Preferably, in step 103, a defect prediction is performed on the prediction data by using an SVM model according to the optimized parameters, and a prediction result is obtained. Preferably, before the step 103, performing defect prediction on the prediction data by using an SVM model according to the optimized parameter, and obtaining a prediction result, the method further includes: and performing defect prediction on the test data set by utilizing an SVM model according to the optimized parameters, and verifying the accuracy of the optimized parameters. In the embodiment of the invention, in order to verify the performance of the defect prediction method provided by the invention, the advantages of the proposed model are illustrated from the performances of four indexes of accuracy, precision, recall ratio and F value on four data sets. The model proposed herein was implemented based on MATLAB and compared to LE-SVM and LE-KNN. We used 4 experimental data sets conforming to the CK metric to verify the effectiveness of the defect prediction method, one is Class-level data for KC1 provided by the national aerospace administration (NASA), and comprises 145 samples, 89 characteristic attributes and 60 defect-free samples in total, and 85 defect samples; the second is an eclipse2.0 dataset based on real data of open source eclipse, with 6728 different samples comprising 975 defective samples, 5753 non-defective samples, the third is an eclipse3.0 dataset comprising 9470 samples, 1522 defective samples; the end is the ant-1.7 dataset, which has 745 samples, and 166 samples without defects. For the eclipse and ant datasets, since defect and defect is represented by the number of bugs, we first need to update them to logical variables 1 and 0 representing defect and defect. Meanwhile, as the manifold learning algorithm has the problem of data point loss in the process of high-dimensional dimensionality reduction, 700 samples are randomly selected from the last three data sets and are randomly divided into two groups with equal number, and the two groups are respectively used as a training set and a testing set.

Table 1 is a cross matrix of actual defect status and predicted results.

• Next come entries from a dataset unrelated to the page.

(* Suppose (A1)–(A5) hold. Let $u\in\mathcal{U}^+(\mathbb{T}^d\times I)$ be a viscosity subsolution and $v\in\mathcal{U}^-(\mathbb{T}^d\times I)$ a viscosity supersolution of $$F(x,Dw(x,\xi),\xi)+\int_I k(\xi,\eta)\big(w(x,\xi)-w(x,\eta)\big)\,d\eta=f(x,\xi)\quad\text{in }\mathbb{T}^d\times I,$$ and assume $u$ and $-v$ are bounded above on $\mathbb{T}^d\times I$. If $u\le v$ on $\mathcal{Z}$, then $u\le v$ on $\mathbb{T}^d\times I$.
   Context: $I\subset\mathbb{R}$ finite interval with $|I|=1$; $k:I\times I\to\mathbb{R}$ Borel measurable with $0<k_0\le k\le k_1$. $F\in C(\mathbb{T}^d\times\mathbb{R}^d)\otimes\mathcal{B}(I)$ with $F(\cdot,p,\cdot)$ bounded for each $p$; $f\in C(\mathbb{T}^d)\otimes\mathcal{B}(I)$ bounded. $\tilde{\mathcal{A}}:=\{x\in\mathbb{T}^d: f(x,\xi)=0\text{ for a.e. }\xi\in I\}$, $\mathcal{Z}:=\{(x,\xi)\in\tilde{\mathcal{A}}\times I: f(x,\xi)=0\}$. $\mathcal{U}^+(\mathbb{T}^d\times I)$: functions $u$ with $u(x,\cdot)$ Borel measurable and integrable on $I$ for each $x$ and $u(\cdot,\xi)$ upper semicontinuous for each $\xi$; $\mathcal{U}^-:=-\mathcal{U}^+$. Subsolution: whenever $\phi\in C^1(\mathbb{T}^d)$, $\xi\in I$, $u(\cdot,\xi)-\phi$ has a local maximum at $\hat x$, then $F(\hat x,D\phi(\hat x),\xi)+\int_I k(\xi,\eta)(u(\hat x,\xi)-u(\hat x,\eta))d\eta\le f(\hat x,\xi)$; supersolution: reverse inequality at local minima. Assumptions: (A1) $C_1|p|^m-C_2\le F(x,p,\xi)$ for constants $C_1,C_2>0$, $m>1$. (A2) $f\ge0$ and $\mathcal{A}:=\{x: f(x,\xi)=0\ \forall\xi\}\neq\emptyset$. (A3) $p\mapsto F(x,p,\xi)$ convex. (A4) $F\ge0$, $F(x,0,\xi)=0$. (A5) modulus $\omega$ with $|f(x,\xi)-f(y,\xi)|\le\omega(|x-y|)$; for each $R>0$ modulus $\omega_R$ with $|F(x,p,\xi)-F(y,q,\xi)|\le\omega_R(|x-y|+|p-q|)$ for $p,q\in B(0,R)$, uniformly in $\xi$. *)

theory Defs
  imports "HOL-Analysis.Analysis"
begin

text \<open>Functions on the torus T^d are represented as Z^d-periodic functions on real^'n.\<close>
definition periodic_fn :: "(real^'n \<Rightarrow> 'b) \<Rightarrow> bool" where
  "periodic_fn g \<longleftrightarrow> (\<forall>x i. g (x + axis i 1) = g x)"

definition usc :: "('a::topological_space \<Rightarrow> real) \<Rightarrow> bool" where
  "usc g \<longleftrightarrow> (\<forall>t. open {y. g y < t})"

definition modulus :: "(real \<Rightarrow> real) \<Rightarrow> bool" where
  "modulus \<omega> \<longleftrightarrow> \<omega> 0 = 0 \<and> mono_on {0..} \<omega> \<and> (\<omega> \<longlongrightarrow> 0) (at_right 0)"

definition C1_test :: "(real^'n \<Rightarrow> real) \<Rightarrow> (real^'n \<Rightarrow> real^'n) \<Rightarrow> bool" where
  "C1_test \<phi> D\<phi> \<longleftrightarrow> periodic_fn \<phi> \<and> continuous_on UNIV D\<phi> \<and>
     (\<forall>x. (\<phi> has_derivative (\<lambda>h. D\<phi> x \<bullet> h)) (at x))"
(* Let $g\in\mathrm{SL}_d(\mathbb{R})$ and $\mathcal{P}=\mathrm{span}_\mathbb{R}\{ge_1,\dots,ge_{d-1}\}$. Then: (1) Under the identification $X_{d-1,d}=\mathrm{SL}_d(\mathbb{R})/Q$, the subset $X_\mathcal{P}$ equals $gP/Q=\{gpQ:p\in P\}$. (2) The map $\varphi_g:\mathrm{PGL}_{d-1}(\mathbb{R})/\mathrm{PGL}_{d-1}(\mathbb{Z})\to X_\mathcal{P}$, $\mathbb{R}^\times m\,\mathrm{PGL}_{d-1}(\mathbb{Z})\mapsto g\begin{pmatrix}m&0\\0&1/\det m\end{pmatrix}Q$ ($m\in\mathrm{GL}_{d-1}(\mathbb{R})$), is a homeomorphism. (3) If $g'\in\mathrm{SL}_d(\mathbb{R})$ satisfies $gP=g'P$, then $(\varphi_g)_*\mu_{X_{d-1}}=(\varphi_{g'})_*\mu_{X_{d-1}}$, where $\mu_{X_{d-1}}$ is the $\mathrm{PGL}_{d-1}(\mathbb{R})$-invariant probability measure on $\mathrm{PGL}_{d-1}(\mathbb{R})/\mathrm{PGL}_{d-1}(\mathbb{Z})$.
   Context: $X_{d-1,d}$ is the space of homothety classes $[\Lambda]=\{\alpha\Lambda:\alpha\in\mathbb{R}^\times\}$ of rank-$(d-1)$ discrete subgroups $\Lambda$ of $\mathbb{R}^d$, identified with $\mathrm{SL}_d(\mathbb{R})/Q$ via $gQ\mapsto[g\,\mathrm{span}_\mathbb{Z}\{e_1,\dots,e_{d-1}\}]$, where $Q=\{\begin{pmatrix}\lambda\gamma&*\\0&1/\det(\lambda\gamma)\end{pmatrix}:\lambda\in\mathbb{R}^\times,\gamma\in\mathrm{GL}_{d-1}(\mathbb{Z})\}$. $P=\{\begin{pmatrix}m&*\\0&1/\det m\end{pmatrix}:m\in\mathrm{GL}_{d-1}(\mathbb{R})\}$. For a hyperplane $\mathcal{P}$, $X_\mathcal{P}=\{[\Lambda]\in X_{d-1,d}:\Lambda\subseteq\mathcal{P}\}$. *)

theory Defs
  imports "HOL-Probability.Probability"
begin

text \<open>The dimension d is CARD('m) + 1: we index coordinates of R^d by the
type 'm + unit, where Inl i (i :: 'm) are the first d-1 coordinates and Inr () is the
last one. A quotient G/H is represented as the set of left cosets
g H (subsets of matrices), topologised with the quotient topology of G.\<close>

type_synonym 'm mat1 = "real^'m^'m"
type_synonym 'm matd = "real^('m + unit)^('m + unit)"

abbreviation GLR :: "(real^'a^'a::finite) set" where
  "GLR \<equiv> {A. det A \<noteq> 0}"

definition SL :: "(real^'a^'a::finite) set" where
  "SL = {A. det A = 1}"

text \<open>GL_{d-1}(Z): integer matrices with integer inverse, i.e. integer entries and det = +-1.\<close>
definition GLZ :: "(real^'a^'a::finite) set" where
  "GLZ = {A. (\<forall>i j. A $ i $ j \<in> \<int>) \<and> invertible A \<and> (\<forall>i j. matrix_inv A $ i $ j \<in> \<int>)}"

definition ulblock :: "'m::finite matd \<Rightarrow> 'm mat1" where
  "ulblock A = (\<chi> i j. A $ Inl i $ Inl j)"

definition blockdiag :: "'m::finite mat1 \<Rightarrow> 'm matd" where
  "blockdiag m = (\<chi> i j. case (i, j) of
       (Inl a, Inl b) \<Rightarrow> m $ a $ b
     | (Inr _, Inr _) \<Rightarrow> 1 / det m
     | _ \<Rightarrow> 0)"

definition Pgrp :: "'m::finite matd set" where
  "Pgrp = {A. det (ulblock A) \<noteq> 0 \<and> (\<forall>j. A $ Inr () $ Inl j = 0)
               \<and> A $ Inr () $ Inr () = 1 / det (ulblock A)}"

definition Qgrp :: "'m::finite matd set" where
  "Qgrp = {A. (\<exists>l \<gamma>. l \<noteq> 0 \<and> \<gamma> \<in> GLZ \<and> ulblock A = l *\<^sub>R \<gamma>)
               \<and> (\<forall>j. A $ Inr () $ Inl j = 0)
               \<and> A $ Inr () $ Inr () = 1 / det (ulblock A)}"

text \<open>R^x GL_{d-1}(Z) inside GL_{d-1}(R): the preimage of PGL_{d-1}(Z) in GL_{d-1}(R).\<close>
definition Hgrp :: "(real^'a^'a::finite) set" where
  "Hgrp = {l *\<^sub>R \<gamma> | l \<gamma>. l \<noteq> 0 \<and> \<gamma> \<in> GLZ}"

definition lcoset :: "real^'a^'a::finite \<Rightarrow> (real^'a^'a) set \<Rightarrow> (real^'a^'a) set" where
  "lcoset g H = (\<lambda>h. g ** h) ` H"

definition quot_top :: "'a topology \<Rightarrow> ('a \<Rightarrow> 'b) \<Rightarrow> 'b topology" where
  "quot_top X f = topology (\<lambda>U. U \<subseteq> f ` topspace X \<and> openin X {x \<in> topspace X. f x \<in> U})"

As shown in table 1, the total number of test samples is N1+ N2+ N3+ N4, the number of correctly predicted samples is N1+ N4, and the total number of incorrectly predicted samples is N2+ N3.

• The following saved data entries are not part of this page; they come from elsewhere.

definition F_tree :: "nat set set \<Rightarrow> nat list set \<Rightarrow> bool" where
  "F_tree F T \<longleftrightarrow> is_tree T \<and> (\<forall>s\<in>T. \<exists>X\<in>F. \<forall>n\<in>X. s @ [n] \<in> T)"

definition is_branch :: "nat list set \<Rightarrow> (nat \<Rightarrow> nat) \<Rightarrow> bool" where
  "is_branch T b \<longleftrightarrow> (\<forall>k. map b [0..<k] \<in> T)"

definition Ramsey :: "nat set set \<Rightarrow> bool" where
  "Ramsey F \<longleftrightarrow> (\<forall>T. F_tree F T \<longrightarrow> (\<exists>b. is_branch T b \<and> range b \<in> F))"

end

theory Submission
  imports Defs
begin

text \<open>
  Both dualities come from copying strategies, using that a positive set meets every member
  of the filter. A winning strategy of I in the point game \<open>\<sigma>\<close> is beaten in the set game by
  answering each positive move \<open>X\<close> with a singleton from \<open>X \<inter> \<sigma>(history)\<close>; fed with
  singletons, a winning strategy of I in the set game likewise gives II a winning strategy in the
  point game. Conversely, against a winning strategy \<open>\<tau>\<close> of II in the set game, I plays in the
  point game the set of all points that \<open>\<tau>\<close> could use in its next answer to some positive
  move. This set lies in the filter, because otherwise its complement would be a positive move
  that \<open>\<tau>\<close> must answer inside it. Tracing each answer of II back to such a positive move yields
  a play against \<open>\<tau>\<close> whose union contains all the answers and is not in the filter.

  II never wins the point game: I runs two plays against one strategy, each move avoiding the
  finitely many points answered so far in both plays, so the two outcomes are disjoint members of
  the filter. Finally, strategies of I in the point game are the same thing as filter-trees
  without branches in the filter, which is exactly the failure of the Ramsey property.
\<close>

definition replies :: "('b list \<Rightarrow> 'a \<Rightarrow> 'b) \<Rightarrow> 'a list \<Rightarrow> 'b list" where
  "replies r xs = foldl (\<lambda>ys x. ys @ [r ys x]) [] xs"

lemma replies_Nil [simp]: "replies r [] = []"
  by (simp add: replies_def)

lemma replies_snoc [simp]: "replies r (xs @ [x]) = replies r xs @ [r (replies r xs) x]"
  by (simp add: replies_def)

lemma replies_map_upt:
  "replies r (map X [0..<k]) = map (\<lambda>i. r (replies r (map X [0..<i])) (X i)) [0..<k]"
  by (induction k) auto

lemma II_has_wsI_own_moves:
  fixes r :: "'m list \<Rightarrow> nat set \<Rightarrow> 'm"
  assumes legal: "\<And>h X. X \<in> XX \<Longrightarrow> legal X (r h X)"
    and win: "\<And>m Xs. \<forall>k. Xs k \<in> XX \<Longrightarrow> \<forall>k. m k = r (map m [0..<k]) (Xs k) \<Longrightarrow> res m \<in> Z"
  shows "II_has_ws XX legal res Z"
  unfolding II_has_ws_def
proof (intro exI[of _ "\<lambda>Xs. last (replies r Xs)"] conjI allI impI)
  fix Xs X assume "X \<in> XX"
  then show "legal X (last (replies r (Xs @ [X])))"
    using legal by simp
next
  fix Xs :: "nat \<Rightarrow> nat set" assume Xs: "\<forall>k. Xs k \<in> XX"
  define m where "m k = r (replies r (map Xs [0..<k])) (Xs k)" for k
  have history: "replies r (map Xs [0..<k]) = map m [0..<k]" for k
    unfolding m_def by (rule replies_map_upt)
  have "res m \<in> Z"
    using win[OF Xs] by (simp add: m_def history)
  moreover have "(\<lambda>k. last (replies r (map Xs [0..<Suc k]))) = m"
    by (simp only: history) simp
  ultimately show "res (\<lambda>k. last (replies r (map Xs [0..<Suc k]))) \<in> Z"
    by simp
qed

lemma I_has_wsI_simulation:
  fixes \<sigma> :: "'s list \<Rightarrow> nat set" and upd :: "'s list \<Rightarrow> 'm \<Rightarrow> 's"
  assumes upd: "\<And>p x. upd p x \<in> S"
    and moves: "\<And>p. set p \<subseteq> S \<Longrightarrow> \<sigma> p \<in> XX"
    and win: "\<And>m ps. \<forall>k. ps k = upd (map ps [0..<k]) (m k) \<Longrightarrow>
                \<forall>k. legal (\<sigma> (map ps [0..<k])) (m k) \<Longrightarrow> res m \<notin> Z"
  shows "I_has_ws XX legal res Z"
  unfolding I_has_ws_def
proof (intro exI[of _ "\<lambda>h. \<sigma> (replies upd h)"] conjI allI impI)
  fix h :: "'m list"
  have "set (replies upd h) \<subseteq> S"
    by (induction h rule: rev_induct) (auto simp: upd)
  then show "\<sigma> (replies upd h) \<in> XX"
    by (rule moves)
next
  fix m assume legal: "\<forall>k. legal (\<sigma> (replies upd (map m [0..<k]))) (m k)"
  define ps where "ps k = upd (replies upd (map m [0..<k])) (m k)" for k
  have history: "replies upd (map m [0..<k]) = map ps [0..<k]" for k
    unfolding ps_def by (rule replies_map_upt)
  show "res m \<notin> Z"
    using win[of ps m] legal by (simp add: ps_def history)
qed

section \<open>Strategies of I in the point game as trees\<close>

lemma tree_if_I_has_ws_point_game:
  assumes "I_has_ws XX legal_pt res_pt Z"
  shows "\<exists>T. F_tree XX T \<and> (\<forall>b. is_branch T b \<longrightarrow> range b \<notin> Z)"
proof -
  obtain \<sigma> where \<sigma>: "\<And>h. \<sigma> h \<in> XX"
    and \<sigma>_wins: "\<And>m. \<forall>k. m k \<in> \<sigma> (map m [0..<k]) \<Longrightarrow> range m \<notin> Z"
    using assms unfolding I_has_ws_def legal_pt_def res_pt_def by blast
  define T where "T = {s. \<forall>k<length s. s ! k \<in> \<sigma> (take k s)}"
  have "F_tree XX T"
    unfolding F_tree_def is_tree_def
  proof (intro conjI ballI allI)
    show "[] \<in> T" by (simp add: T_def)
  next
    fix s k assume "s \<in> T"
    then show "take k s \<in> T" by (auto simp: T_def)
  next
    fix s assume "s \<in> T"
    then show "\<exists>X\<in>XX. \<forall>n\<in>X. s @ [n] \<in> T"
      by (intro bexI[OF _ \<sigma>]) (auto simp: T_def nth_append less_Suc_eq)
  qed
  moreover have "is_branch T b \<longleftrightarrow> (\<forall>k. b k \<in> \<sigma> (map b [0..<k]))" for b
    unfolding is_branch_def T_def by (auto simp: take_map)
  ultimately show ?thesis
    using \<sigma>_wins by blast
qed
text \<open>If \<open>P\<close> misses \<open>1 + sR\<close>, then \<open>1 \<notin> P + sR\<close>, so some prime contains \<open>P + sR\<close>.\<close>
lemma (in noetherian_cring) primeideal_above_containing:
  assumes P: "primeideal P R" "P \<inter> one_plus R s = {}" and s: "s \<in> carrier R"
  obtains Q where "primeideal Q R" "P \<subseteq> Q" "s \<in> Q"
proof -
  have Pi: "ideal P R" by (rule primeideal_imp_ideal[OF P(1)])
  have "\<one> \<notin> P <+>\<^bsub>R\<^esub> PIdl s"
  proof
    assume "\<one> \<in> P <+>\<^bsub>R\<^esub> PIdl s"
    then obtain i r where ir: "i \<in> P" "r \<in> carrier R" "\<one> = i \<oplus> r \<otimes> s"
      using ideal_sum_principal(4)[OF Pi s] by blast
    have "i \<in> carrier R" by (rule ideal.Icarr[OF Pi ir(1)])
    then have "i = \<one> \<oplus> s \<otimes> (\<ominus> r)" using ir(2,3) s by algebra
    then have "i \<in> one_plus R s" unfolding one_plus_def using ir(2) by blast
    then show False using ir(1) P(2) by blast
  qed
  then obtain Q where "primeideal Q R" "P <+>\<^bsub>R\<^esub> PIdl s \<subseteq> Q"
    using primeideal_disjoint_from_multiplicative[OF ideal_sum_principal(1)[OF Pi s], of "{\<one>}"]
    by auto
  then show thesis using that ideal_sum_principal(2,3)[OF Pi s] by blast
qed

section \<open>Chains of prime ideals and coheight\<close>

definition prime_chain :: "('a, 'm) ring_scheme \<Rightarrow> nat \<Rightarrow> (nat \<Rightarrow> 'a set) \<Rightarrow> bool" where
  "prime_chain R n c \<longleftrightarrow> (\<forall>i\<le>n. c i \<in> Spec R) \<and> (\<forall>i<n. c i \<subset> c (Suc i))"

text \<open>Only meaningful when \<open>R\<close> has finite Krull dimension; otherwise \<open>Max\<close> may be applied
  to an infinite set.\<close>
definition coheight :: "('a, 'm) ring_scheme \<Rightarrow> 'a set \<Rightarrow> nat" where
  "coheight R P = Max {n. \<exists>c. prime_chain R n c \<and> c 0 = P}"

lemma prime_chain_length_le:
  assumes "krull_dim R = enat d" "prime_chain R n c"
  shows "n \<le> d"
proof -
  have "enat n \<le> krull_dim R"
    unfolding krull_dim_def using assms(2) unfolding prime_chain_def by (intro SUP_upper) blast
  then show ?thesis using assms(1) by simp
qed

lemma prime_chain_Cons:
  assumes "prime_chain R n c" "Q \<in> Spec R" "Q \<subset> c 0"
  shows "prime_chain R (Suc n) (case_nat Q c)"
  unfolding prime_chain_def
proof (intro conjI allI impI)
  fix i assume "i \<le> Suc n"
  then show "case_nat Q c i \<in> Spec R" using assms(1,2) unfolding prime_chain_def by (cases i) auto
next
  fix i assume "i < Suc n"
  then show "case_nat Q c i \<subset> case_nat Q c (Suc i)"
    using assms(1,3) unfolding prime_chain_def by (cases i) auto
qed

lemma finite_chain_lengths:
  assumes "krull_dim R = enat d"
  shows "finite {n. \<exists>c. prime_chain R n c \<and> c 0 = P}"
proof (rule finite_subset)
  show "{n. \<exists>c. prime_chain R n c \<and> c 0 = P} \<subseteq> {..d}"
    using prime_chain_length_le[OF assms] by blast
qed simp

lemma coheight_ge:
  assumes "krull_dim R = enat d" "prime_chain R n c"
  shows "n \<le> coheight R (c 0)"
  unfolding coheight_def using assms(2) by (intro Max_ge[OF finite_chain_lengths[OF assms(1)]]) blast

lemma coheight_chain:
  assumes "krull_dim R = enat d" "P \<in> Spec R"
  obtains c where "prime_chain R (coheight R P) c" "c 0 = P"
proof -
  have "prime_chain R 0 (\<lambda>_. P)" unfolding prime_chain_def using assms(2) by simp
  then have "{n. \<exists>c. prime_chain R n c \<and> c 0 = P} \<noteq> {}" by blast
  then have "coheight R P \<in> {n. \<exists>c. prime_chain R n c \<and> c 0 = P}"
    unfolding coheight_def by (rule Max_in[OF finite_chain_lengths[OF assms(1)]])
  then show thesis using that by blast
qed

lemma coheight_le:
  assumes "krull_dim R = enat d" "P \<in> Spec R"
  shows "coheight R P \<le> d"
  using coheight_chain[OF assms] prime_chain_length_le[OF assms(1)] by metis

lemma coheight_strict_antimono:
  assumes kd: "krull_dim R = enat d" and "Q \<in> Spec R" "P \<in> Spec R" "Q \<subset> P"
  shows "coheight R P < coheight R Q"
proof -
  obtain c where c: "prime_chain R (coheight R P) c" "c 0 = P"
    using coheight_chain[OF kd assms(3)] .
  have "prime_chain R (Suc (coheight R P)) (case_nat Q c)"
    using prime_chain_Cons[OF c(1) assms(2)] assms(4) c(2) by blast
  from coheight_ge[OF kd this] show ?thesis by simp
qed

section \<open>Prime ideals of a localization\<close>

locale multiplicative_localization = cring R for R (structure) +
  fixes S :: "'a set"
  assumes S_subset: "S \<subseteq> carrier R"
    and one_S: "\<one> \<in> S"
    and S_mult: "u \<in> S \<Longrightarrow> v \<in> S \<Longrightarrow> u \<otimes> v \<in> S"
begin

text \<open>The ring axioms of \<open>Loc\<close> are never established in general: the lemmas that need
  them assume them, and they are available whenever \<open>Loc\<close> has a prime ideal, since
  \<^const>\<open>primeideal\<close> includes \<^const>\<open>cring\<close>.\<close>

abbreviation frac :: "'a \<Rightarrow> 'a \<Rightarrow> ('a \<times> 'a) set" where
  "frac a u \<equiv> loc_rel R S `` {(a, u)}"

abbreviation Loc :: "('a \<times> 'a) set ring" where
  "Loc \<equiv> localization R S"

lemma S_carrier: "u \<in> S \<Longrightarrow> u \<in> carrier R"
  using S_subset by blast

lemma loc_rel_iff: "((a, u), (b, v)) \<in> loc_rel R S \<longleftrightarrow> a \<in> carrier R \<and> u \<in> S \<and> b \<in> carrier R \<and> v \<in> S \<and>
   (\<exists>t\<in>S. t \<otimes> (a \<otimes> v \<ominus> b \<otimes> u) = \<zero>)"
  unfolding loc_rel_def by simp

lemma loc_rel_subset: "loc_rel R S \<subseteq> (carrier R \<times> S) \<times> (carrier R \<times> S)"
  unfolding loc_rel_def by auto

TABLE 1 intersection matrix of actual defect cases and predicted results

Accuracy (Accuracy) represents the ratio of the number of samples with correct prediction results (defective modules are successfully detected as defective, and non-defective modules are not misjudged) to the total number of samples to be predicted, and is calculated as follows:

the Precision (Precision) represents the ratio of the number of actually defective and predicted defective samples to the number of all predicted defective samples, and can be expressed as:

recall (Recall) represents the ratio of the number of samples that are actually defective and predicted to be defective to all of the actual defective samples, and is calculated as follows:

the F value is a harmonic average value of the precision and the recall ratio, and the calculation formula is as follows:

FIG. 4 is a graph comparing accuracy across data sets according to embodiments of the present invention. As shown in fig. 4, the prediction method of the present invention is superior to the comparison algorithm in four data sets, and mainly includes that the method can remove some attributes that are unfavorable for classification, such as attributes with too small numerical difference, through the Relief algorithm, so that the prediction result is more accurate, and meanwhile, the penalty factor and gaussian kernel bandwidth that optimize the performance of the SVM training model are obtained through the PSO, so as to further improve the accuracy of the prediction result. The parameters of the comparison algorithm can be obtained only through experience, and an optimization process is lacked, so that the result has a certain distance from the optimal solution, the prediction result has a certain difference relative to the extracted model, and the accuracy of the extracted model on four data sets is higher than that of the comparison model by 8.2-12.2%.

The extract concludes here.